• _TASK PROMPT_: Nothing but the lines below between the line holding "y \<in> circle) \<and>" and the line holding "K x \<otimes>\<^bsub>K\<^esub>", inclusive, should appear in the answer, each set down exactly.

◇ ◇ ◇

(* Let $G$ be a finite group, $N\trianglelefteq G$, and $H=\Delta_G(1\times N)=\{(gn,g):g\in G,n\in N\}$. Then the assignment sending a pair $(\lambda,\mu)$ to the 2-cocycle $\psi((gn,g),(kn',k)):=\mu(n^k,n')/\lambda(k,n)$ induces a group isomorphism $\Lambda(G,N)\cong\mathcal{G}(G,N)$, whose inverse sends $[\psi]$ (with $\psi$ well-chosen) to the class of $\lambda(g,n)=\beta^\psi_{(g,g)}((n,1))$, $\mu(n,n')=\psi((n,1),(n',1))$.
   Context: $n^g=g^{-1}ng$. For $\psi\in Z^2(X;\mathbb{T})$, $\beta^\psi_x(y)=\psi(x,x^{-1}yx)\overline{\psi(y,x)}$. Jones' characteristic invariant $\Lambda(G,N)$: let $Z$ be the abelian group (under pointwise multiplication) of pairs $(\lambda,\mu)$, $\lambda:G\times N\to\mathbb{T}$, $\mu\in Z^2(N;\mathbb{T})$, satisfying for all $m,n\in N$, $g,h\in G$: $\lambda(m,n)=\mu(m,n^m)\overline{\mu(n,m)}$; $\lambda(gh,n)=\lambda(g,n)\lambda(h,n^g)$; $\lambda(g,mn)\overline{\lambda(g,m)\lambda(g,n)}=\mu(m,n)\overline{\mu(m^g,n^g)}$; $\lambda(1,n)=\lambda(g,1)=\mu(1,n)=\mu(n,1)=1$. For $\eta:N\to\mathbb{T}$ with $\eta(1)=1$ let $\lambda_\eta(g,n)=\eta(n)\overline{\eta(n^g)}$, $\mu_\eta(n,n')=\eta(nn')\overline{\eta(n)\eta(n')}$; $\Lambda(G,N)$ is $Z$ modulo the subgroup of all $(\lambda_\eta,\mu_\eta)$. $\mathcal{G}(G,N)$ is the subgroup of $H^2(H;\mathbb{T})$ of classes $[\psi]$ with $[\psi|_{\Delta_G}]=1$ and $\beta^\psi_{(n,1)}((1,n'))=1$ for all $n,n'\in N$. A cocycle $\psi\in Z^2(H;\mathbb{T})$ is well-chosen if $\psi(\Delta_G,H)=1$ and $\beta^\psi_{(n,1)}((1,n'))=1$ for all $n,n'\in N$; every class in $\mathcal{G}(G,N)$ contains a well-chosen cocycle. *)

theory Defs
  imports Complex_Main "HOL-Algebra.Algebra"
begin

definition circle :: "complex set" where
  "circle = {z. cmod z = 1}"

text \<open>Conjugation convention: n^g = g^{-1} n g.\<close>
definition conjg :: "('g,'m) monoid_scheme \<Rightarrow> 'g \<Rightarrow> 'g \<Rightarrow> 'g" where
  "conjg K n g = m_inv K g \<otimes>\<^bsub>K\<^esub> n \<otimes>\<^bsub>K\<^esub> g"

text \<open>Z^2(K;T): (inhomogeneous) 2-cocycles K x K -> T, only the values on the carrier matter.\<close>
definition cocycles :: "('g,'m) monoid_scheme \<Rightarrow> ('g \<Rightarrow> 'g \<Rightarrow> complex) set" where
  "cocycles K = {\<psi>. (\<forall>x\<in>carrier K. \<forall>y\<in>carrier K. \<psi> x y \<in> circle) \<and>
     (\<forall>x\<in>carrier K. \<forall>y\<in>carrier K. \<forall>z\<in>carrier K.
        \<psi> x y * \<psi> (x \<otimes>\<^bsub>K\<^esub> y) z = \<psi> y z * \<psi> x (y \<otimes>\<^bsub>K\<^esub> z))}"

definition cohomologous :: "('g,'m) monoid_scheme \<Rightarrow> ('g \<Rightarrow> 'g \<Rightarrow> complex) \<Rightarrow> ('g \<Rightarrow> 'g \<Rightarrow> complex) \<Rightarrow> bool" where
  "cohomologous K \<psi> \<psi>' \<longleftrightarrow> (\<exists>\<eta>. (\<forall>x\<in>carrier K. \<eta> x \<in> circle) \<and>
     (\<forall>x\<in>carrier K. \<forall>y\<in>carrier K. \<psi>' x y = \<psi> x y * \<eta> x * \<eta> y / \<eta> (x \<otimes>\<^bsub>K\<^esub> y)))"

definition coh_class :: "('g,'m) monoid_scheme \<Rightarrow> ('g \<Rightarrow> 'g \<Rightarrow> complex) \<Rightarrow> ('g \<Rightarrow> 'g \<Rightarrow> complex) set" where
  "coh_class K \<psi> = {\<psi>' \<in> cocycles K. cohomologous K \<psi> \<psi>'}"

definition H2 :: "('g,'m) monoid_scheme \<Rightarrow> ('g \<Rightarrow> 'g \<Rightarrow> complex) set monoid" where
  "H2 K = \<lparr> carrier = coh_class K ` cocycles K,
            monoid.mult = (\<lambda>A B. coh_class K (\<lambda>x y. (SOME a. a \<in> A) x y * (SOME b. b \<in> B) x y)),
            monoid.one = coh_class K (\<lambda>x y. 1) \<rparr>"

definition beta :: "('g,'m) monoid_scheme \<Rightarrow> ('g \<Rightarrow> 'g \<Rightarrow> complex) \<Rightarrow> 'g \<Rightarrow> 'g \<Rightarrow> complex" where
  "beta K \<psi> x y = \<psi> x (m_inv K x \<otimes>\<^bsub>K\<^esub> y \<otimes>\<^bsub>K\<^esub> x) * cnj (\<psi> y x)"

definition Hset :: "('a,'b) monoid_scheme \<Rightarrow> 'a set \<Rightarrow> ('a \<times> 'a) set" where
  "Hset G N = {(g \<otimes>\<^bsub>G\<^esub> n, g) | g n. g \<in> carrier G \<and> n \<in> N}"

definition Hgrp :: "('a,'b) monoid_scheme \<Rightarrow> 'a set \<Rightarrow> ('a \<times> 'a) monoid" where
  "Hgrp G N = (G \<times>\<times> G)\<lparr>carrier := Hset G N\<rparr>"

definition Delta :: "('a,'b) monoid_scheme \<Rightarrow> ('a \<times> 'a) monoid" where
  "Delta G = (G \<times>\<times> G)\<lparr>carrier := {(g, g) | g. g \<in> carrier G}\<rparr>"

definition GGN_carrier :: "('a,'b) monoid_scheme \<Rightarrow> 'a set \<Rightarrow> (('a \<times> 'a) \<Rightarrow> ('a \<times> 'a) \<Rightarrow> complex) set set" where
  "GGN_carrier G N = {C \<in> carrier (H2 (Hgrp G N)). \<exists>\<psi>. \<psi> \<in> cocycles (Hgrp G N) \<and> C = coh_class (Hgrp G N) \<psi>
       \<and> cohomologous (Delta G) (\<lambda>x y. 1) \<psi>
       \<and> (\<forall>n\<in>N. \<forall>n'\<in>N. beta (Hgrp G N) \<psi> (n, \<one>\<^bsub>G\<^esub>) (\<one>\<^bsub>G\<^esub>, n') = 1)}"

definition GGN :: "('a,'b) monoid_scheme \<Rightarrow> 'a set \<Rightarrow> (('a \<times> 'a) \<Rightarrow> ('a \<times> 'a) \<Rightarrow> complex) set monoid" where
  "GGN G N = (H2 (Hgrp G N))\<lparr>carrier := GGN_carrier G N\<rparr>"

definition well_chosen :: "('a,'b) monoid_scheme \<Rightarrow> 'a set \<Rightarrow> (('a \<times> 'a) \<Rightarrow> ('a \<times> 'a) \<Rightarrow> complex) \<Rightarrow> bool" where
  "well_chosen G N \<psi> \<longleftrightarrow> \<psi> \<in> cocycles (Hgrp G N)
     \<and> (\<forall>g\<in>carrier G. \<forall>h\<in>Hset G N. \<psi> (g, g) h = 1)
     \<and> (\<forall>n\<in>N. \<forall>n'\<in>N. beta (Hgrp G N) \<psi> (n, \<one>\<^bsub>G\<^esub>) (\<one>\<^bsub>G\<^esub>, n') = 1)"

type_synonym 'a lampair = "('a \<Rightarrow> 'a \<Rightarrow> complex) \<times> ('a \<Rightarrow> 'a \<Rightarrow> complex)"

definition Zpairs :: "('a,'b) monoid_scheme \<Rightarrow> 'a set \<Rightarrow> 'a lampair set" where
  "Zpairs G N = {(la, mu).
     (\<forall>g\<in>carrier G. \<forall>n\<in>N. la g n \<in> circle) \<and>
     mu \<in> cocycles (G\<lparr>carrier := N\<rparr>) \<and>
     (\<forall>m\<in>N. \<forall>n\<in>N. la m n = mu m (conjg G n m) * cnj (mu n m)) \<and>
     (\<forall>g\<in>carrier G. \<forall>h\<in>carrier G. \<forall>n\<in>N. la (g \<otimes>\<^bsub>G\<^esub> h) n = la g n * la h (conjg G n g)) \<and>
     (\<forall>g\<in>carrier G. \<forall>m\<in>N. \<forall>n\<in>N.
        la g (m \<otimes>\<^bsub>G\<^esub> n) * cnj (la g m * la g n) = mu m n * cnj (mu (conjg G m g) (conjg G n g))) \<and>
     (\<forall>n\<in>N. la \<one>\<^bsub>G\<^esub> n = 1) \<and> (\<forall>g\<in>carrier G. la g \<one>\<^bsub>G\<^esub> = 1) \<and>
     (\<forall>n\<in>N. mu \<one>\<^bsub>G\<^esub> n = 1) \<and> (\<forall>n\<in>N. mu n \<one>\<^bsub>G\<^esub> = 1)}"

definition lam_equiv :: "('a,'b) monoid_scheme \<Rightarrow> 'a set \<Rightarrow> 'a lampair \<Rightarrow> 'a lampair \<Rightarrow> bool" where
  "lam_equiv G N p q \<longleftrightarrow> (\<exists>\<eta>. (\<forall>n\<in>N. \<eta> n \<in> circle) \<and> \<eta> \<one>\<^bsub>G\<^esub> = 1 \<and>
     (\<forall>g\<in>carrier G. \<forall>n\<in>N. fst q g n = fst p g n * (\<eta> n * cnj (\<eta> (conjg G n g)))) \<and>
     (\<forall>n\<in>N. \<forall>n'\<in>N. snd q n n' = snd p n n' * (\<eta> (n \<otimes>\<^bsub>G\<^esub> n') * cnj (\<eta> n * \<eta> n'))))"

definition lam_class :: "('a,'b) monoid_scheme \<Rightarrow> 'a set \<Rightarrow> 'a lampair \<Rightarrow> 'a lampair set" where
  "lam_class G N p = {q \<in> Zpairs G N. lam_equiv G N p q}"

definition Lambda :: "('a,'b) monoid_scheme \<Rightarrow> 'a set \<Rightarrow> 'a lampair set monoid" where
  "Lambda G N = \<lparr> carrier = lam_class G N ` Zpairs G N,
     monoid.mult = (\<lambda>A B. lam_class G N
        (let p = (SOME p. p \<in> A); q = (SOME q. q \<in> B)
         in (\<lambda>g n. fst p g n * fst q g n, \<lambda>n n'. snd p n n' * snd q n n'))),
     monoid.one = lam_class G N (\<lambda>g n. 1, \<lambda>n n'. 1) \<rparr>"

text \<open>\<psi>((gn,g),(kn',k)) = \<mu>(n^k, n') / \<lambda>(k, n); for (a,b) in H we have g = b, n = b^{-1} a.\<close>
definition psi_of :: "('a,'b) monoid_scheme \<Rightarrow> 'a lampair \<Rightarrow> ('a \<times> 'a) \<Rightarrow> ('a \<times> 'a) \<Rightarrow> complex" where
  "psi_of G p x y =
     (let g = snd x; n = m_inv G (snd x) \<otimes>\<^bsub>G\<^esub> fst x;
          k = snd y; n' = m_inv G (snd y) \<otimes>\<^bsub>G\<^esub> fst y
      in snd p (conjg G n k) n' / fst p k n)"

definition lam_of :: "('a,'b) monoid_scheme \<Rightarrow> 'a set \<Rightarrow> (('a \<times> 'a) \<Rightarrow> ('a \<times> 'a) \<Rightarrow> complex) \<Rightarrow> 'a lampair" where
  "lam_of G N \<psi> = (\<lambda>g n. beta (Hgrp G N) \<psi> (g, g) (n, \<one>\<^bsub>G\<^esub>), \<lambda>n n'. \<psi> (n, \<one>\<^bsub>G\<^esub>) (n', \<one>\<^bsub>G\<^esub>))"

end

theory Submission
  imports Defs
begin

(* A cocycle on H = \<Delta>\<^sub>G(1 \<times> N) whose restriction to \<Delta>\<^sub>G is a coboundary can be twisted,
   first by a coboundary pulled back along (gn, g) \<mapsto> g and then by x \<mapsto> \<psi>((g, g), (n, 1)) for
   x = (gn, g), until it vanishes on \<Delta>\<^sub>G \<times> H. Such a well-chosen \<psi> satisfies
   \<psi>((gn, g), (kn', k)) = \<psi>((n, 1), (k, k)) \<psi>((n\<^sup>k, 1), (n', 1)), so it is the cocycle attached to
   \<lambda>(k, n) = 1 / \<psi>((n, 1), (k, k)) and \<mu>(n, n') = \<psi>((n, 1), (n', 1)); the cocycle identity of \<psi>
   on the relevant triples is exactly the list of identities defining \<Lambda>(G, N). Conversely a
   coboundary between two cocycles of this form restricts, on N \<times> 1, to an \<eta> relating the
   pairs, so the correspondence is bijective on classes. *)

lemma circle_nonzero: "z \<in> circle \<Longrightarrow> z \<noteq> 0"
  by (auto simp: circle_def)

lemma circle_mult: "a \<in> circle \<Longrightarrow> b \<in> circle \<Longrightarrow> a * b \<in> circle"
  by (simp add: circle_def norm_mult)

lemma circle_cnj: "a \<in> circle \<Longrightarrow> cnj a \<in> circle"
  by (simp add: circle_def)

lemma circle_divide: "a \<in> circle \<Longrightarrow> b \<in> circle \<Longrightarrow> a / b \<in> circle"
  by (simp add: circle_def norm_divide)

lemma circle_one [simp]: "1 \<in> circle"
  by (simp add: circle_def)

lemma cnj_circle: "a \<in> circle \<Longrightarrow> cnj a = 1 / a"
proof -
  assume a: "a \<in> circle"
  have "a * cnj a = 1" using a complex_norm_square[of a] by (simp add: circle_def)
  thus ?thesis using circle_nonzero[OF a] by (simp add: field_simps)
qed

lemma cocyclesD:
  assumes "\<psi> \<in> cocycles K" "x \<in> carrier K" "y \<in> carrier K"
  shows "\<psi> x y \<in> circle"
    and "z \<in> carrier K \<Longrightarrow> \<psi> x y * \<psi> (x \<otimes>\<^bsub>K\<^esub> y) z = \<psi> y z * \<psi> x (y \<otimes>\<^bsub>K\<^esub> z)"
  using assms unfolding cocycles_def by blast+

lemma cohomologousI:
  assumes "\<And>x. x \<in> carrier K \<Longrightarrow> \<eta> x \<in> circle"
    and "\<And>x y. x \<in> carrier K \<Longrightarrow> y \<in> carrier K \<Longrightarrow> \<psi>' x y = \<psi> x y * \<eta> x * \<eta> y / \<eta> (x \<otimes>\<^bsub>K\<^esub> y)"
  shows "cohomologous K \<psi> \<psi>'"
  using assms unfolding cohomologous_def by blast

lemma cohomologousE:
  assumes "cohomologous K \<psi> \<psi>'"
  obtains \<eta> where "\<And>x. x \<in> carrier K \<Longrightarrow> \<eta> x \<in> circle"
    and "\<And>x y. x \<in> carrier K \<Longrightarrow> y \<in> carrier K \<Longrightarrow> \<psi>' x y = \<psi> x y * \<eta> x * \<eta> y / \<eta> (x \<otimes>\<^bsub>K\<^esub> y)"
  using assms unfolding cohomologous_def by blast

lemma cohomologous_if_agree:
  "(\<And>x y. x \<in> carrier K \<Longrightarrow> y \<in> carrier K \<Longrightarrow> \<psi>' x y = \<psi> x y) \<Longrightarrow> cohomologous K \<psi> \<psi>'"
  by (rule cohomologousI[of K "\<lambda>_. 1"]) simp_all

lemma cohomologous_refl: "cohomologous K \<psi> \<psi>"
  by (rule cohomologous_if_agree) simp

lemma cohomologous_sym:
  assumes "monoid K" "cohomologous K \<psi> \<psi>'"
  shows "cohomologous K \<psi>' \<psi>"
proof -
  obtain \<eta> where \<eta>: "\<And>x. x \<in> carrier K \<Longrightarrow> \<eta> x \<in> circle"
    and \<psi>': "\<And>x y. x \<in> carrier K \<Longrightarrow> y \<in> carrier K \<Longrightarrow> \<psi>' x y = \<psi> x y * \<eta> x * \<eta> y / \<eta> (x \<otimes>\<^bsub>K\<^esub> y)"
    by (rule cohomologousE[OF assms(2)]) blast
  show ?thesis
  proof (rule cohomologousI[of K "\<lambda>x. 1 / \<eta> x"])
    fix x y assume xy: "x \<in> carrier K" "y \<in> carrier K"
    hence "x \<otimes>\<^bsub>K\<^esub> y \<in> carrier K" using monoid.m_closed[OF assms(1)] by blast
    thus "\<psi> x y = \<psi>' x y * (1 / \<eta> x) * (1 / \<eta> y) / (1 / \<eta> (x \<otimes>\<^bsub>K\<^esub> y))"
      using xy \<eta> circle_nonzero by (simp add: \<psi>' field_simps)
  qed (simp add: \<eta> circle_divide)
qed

◇ ◇ ◇

• _RESPONSE FOR THIS EXERCISE_:
  "cocycles K = {\<psi>. (\<forall>x\<in>carrier K. \<forall>y\<in>carrier K. \<psi> x y \<in> circle) \<and>
     (\<forall>x\<in>carrier K. \<forall>y\<in>carrier K. \<forall>z\<in>carrier K.
        \<psi> x y * \<psi> (x \<otimes>\<^bsub>K\<^esub> y) z = \<psi> y z * \<psi> x (y \<otimes>\<^bsub>K\<^esub> z))}"

definition cohomologous :: "('g,'m) monoid_scheme \<Rightarrow> ('g \<Rightarrow> 'g \<Rightarrow> complex) \<Rightarrow> ('g \<Rightarrow> 'g \<Rightarrow> complex) \<Rightarrow> bool" where
  "cohomologous K \<psi> \<psi>' \<longleftrightarrow> (\<exists>\<eta>. (\<forall>x\<in>carrier K. \<eta> x \<in> circle) \<and>
     (\<forall>x\<in>carrier K. \<forall>y\<in>carrier K. \<psi>' x y = \<psi> x y * \<eta> x * \<eta> y / \<eta> (x \<otimes>\<^bsub>K\<^esub> y)))"

definition coh_class :: "('g,'m) monoid_scheme \<Rightarrow> ('g \<Rightarrow> 'g \<Rightarrow> complex) \<Rightarrow> ('g \<Rightarrow> 'g \<Rightarrow> complex) set" where
  "coh_class K \<psi> = {\<psi>' \<in> cocycles K. cohomologous K \<psi> \<psi>'}"

definition H2 :: "('g,'m) monoid_scheme \<Rightarrow> ('g \<Rightarrow> 'g \<Rightarrow> complex) set monoid" where
  "H2 K = \<lparr> carrier = coh_class K ` cocycles K,
            monoid.mult = (\<lambda>A B. coh_class K (\<lambda>x y. (SOME a. a \<in> A) x y * (SOME b. b \<in> B) x y)),
            monoid.one = coh_class K (\<lambda>x y. 1) \<rparr>"

definition beta :: "('g,'m) monoid_scheme \<Rightarrow> ('g \<Rightarrow> 'g \<Rightarrow> complex) \<Rightarrow> 'g \<Rightarrow> 'g \<Rightarrow> complex" where
  "beta K \<psi> x y = \<psi> x (m_inv K x \<otimes>\<^bsub>K\<^esub> y \<otimes>\<^bsub>K\<^esub> x) * cnj (\<psi> y x)"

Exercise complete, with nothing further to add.